The menu of unintended consequences

I once tried to help my assistant’s paralyzed father communicate by creating a picture menu of food, comfort, and family. At first, it worked wonders—too well. Now he sits like a king, summoning relatives every fifteen minutes to point at his next desire, often leaving things unfinished. The family is exhausted, sometimes hiding the menu, only to face tears and demands for its return. A small act of kindness became a lesson in unintended consequences.


There’s a special category of human behavior I’ve come to appreciate over the years: good intentions with terrible side effects. You know, the kind of thing where you try to solve one problem, only to create three more, usually funnier and more frustrating than the original.

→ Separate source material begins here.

(* Fix $t\ge 0$. Let $\sigma=\{x_1,\dots,x_m\}\subseteq\mathcal C$ and $\tau=\{y_1,\dots,y_n\}\subseteq\mathcal Y^\circ$ be finite subsets, and set $A:=\max_i r_{\mathcal C}(x_i)$, $B:=\max_j r_{\mathcal Y}(y_j)$. Then $\sigma\cup\tau$ is a simplex of the intrinsic Čech complex $\check{C}_t(\mathcal X,d_\theta)$ if and only if at least one of the following holds: (C) there exists $z\in\mathcal C$ with $z\in\bigcap_{i=1}^m \overline{B}_{\mathcal C}(x_i,t)$ and $\|(r_{\mathcal C}(z),B)\|_{\ell^p}\le t$; (Y) there exists $w\in\mathcal Y$ with $w\in\bigcap_{j=1}^n \overline{B}_{\mathcal Y}(y_j,t)$ and $\|(A,r_{\mathcal Y}(w))\|_{\ell^p}\le t$.
   Context: Let $A$ be a unital $C^*$-algebra, $H$ a Hilbert space, $\mathcal X=\mathrm{CB}(A,B(H))$, $\mathcal C=\mathrm{CP}(A,B(H))$ with Bures distance $\beta$. Fix $\theta\in\mathcal C$, $\lambda>0$, $\alpha\in(0,1]$, $p\in[1,\infty]$, and let $d_\theta=\beta^{BK}_{\theta,\lambda,p,\alpha}$ be the Bures--Kuratowski metric. Let $\mathcal Y=(\mathcal X\setminus\mathcal C)\sqcup\{\ast\}$ with metric $d_{\mathrm{reg}}$ ($=\lambda\delta_{\mathrm{reg}}^\alpha$ on non-CP pairs and $\lambda\delta_{\mathrm{reg}}(\cdot,0)^\alpha$ to $\ast$, $\delta_{\mathrm{reg}}$ the regular-representation metric), $\mathcal Y^\circ=\mathcal Y\setminus\{\ast\}$. Then $(\mathcal X,d_\theta)$ is the $\ell^p$ wedge of $(\mathcal C,\beta,\theta)$ and $(\mathcal Y,d_{\mathrm{reg}},\ast)$ with $\theta\sim\ast$: $d_\theta=\beta$ on $\mathcal C$, $d_\theta=d_{\mathrm{reg}}$ on $\mathcal Y$, and $d_\theta(x,y)=\|(r_{\mathcal C}(x),r_{\mathcal Y}(y))\|_{\ell^p}$ for $x\in\mathcal C$, $y\in\mathcal Y$, where $r_{\mathcal C}(x)=\beta(x,\theta)$, $r_{\mathcal Y}(y)=d_{\mathrm{reg}}(y,\ast)$. $\overline{B}_{\mathcal C}$, $\overline{B}_{\mathcal Y}$ are closed balls in $(\mathcal C,\beta)$, $(\mathcal Y,d_{\mathrm{reg}})$. The intrinsic Čech complex $\check{C}_t(Z,d)$ of a metric space is the nerve of its closed radius-$t$ balls: a finite $\sigma\subseteq Z$ is a simplex iff $\bigcap_{z\in\sigma}\overline{B}_Z(z,t)\neq\varnothing$. *)

theory Defs
  imports "HOL-Analysis.Analysis"
begin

A few years back, my domestic assistant—who has been with my company since 2011 and is basically family—was telling me about his father. His father had suffered a devastating stroke, leaving him half-paralyzed and unable to speak. A tragic, difficult situation. The family would spend ages asking him fifty different questions, getting only grunts for yes or no, just to guess what he wanted.

As we sat one afternoon on my porch in the Himalayas, I imagined what it must be like for him: locked inside your body, unable to communicate beyond “water” or “bathroom.” I felt sympathetic, and my inner engineer kicked in.

“He needs a menu,” I said.

And that’s exactly what I built. In true over-engineered fashion, I whipped up a polished menu in Google Slides. Pictures of water, chicken, mutton, roti, paratha, eggs, vegetables. Then pillows, blankets, medicine, the hospital sign. And for good measure, I added the most important people in his life—pulled straight from my Google Photos archive. With this tool, I thought, he could finally express himself with clarity.

It worked brilliantly. Too brilliantly.

The first time I asked my assistant if they had printed it out, he was excited. The next time I asked, he sighed, rolled his eyes, and gave me the universal look of regret: “Oh my god, what have you done?”

As it turns out, his father now sits around all day with the menu, summoning family members every fifteen minutes to point at what he wants. Water, then chicken, then the pillow, then TV. He doesn’t always finish what he asks for, but the requests keep coming. He naps, wakes up, calls someone, points to the menu, then repeats the cycle.

One day, in exasperation, his wife hid the menu. He spent the entire day searching for it, eventually breaking down in tears until she gave it back. Now the family dares not touch it. In poor, rural India, the patriarch is the patriarch. Whatever he wants, whenever he wants, he gets. And now, armed with my well-intentioned menu, he has become unstoppable.

It’s funny, but also serious. What started as an act of empathy became a source of frustration, waste, and even resentment. Instead of gratitude for the family who tends to his needs, the menu turned him into a full-time requester. His son told me, half amused and half defeated: “He asks for things every 15 minutes and doesn’t even finish them.”

This whole episode made me think about how easily good intentions can backfire when we don’t fully anticipate the ripple effects. By making it easier for him to ask, I also made it harder for the family to give. The menu became not just a tool of communication, but a tool of demand.

There’s a lesson here about balance. About how gratitude has to move in both directions. About how giving people the means to express themselves—or to get what they want—doesn’t automatically create harmony. Sometimes, it creates the opposite.

Still, I can’t help but laugh. Every time my assistant updates me with new stories of his father’s relentless menu demands, I imagine the man sitting there like a retired king, summoning the court every fifteen minutes. It’s tragic. It’s frustrating. And it’s hilarious.

Because in the end, that’s the truth about unintended consequences: they remind us that human solutions are rarely perfect, and sometimes the funniest failures are born from the kindest intentions.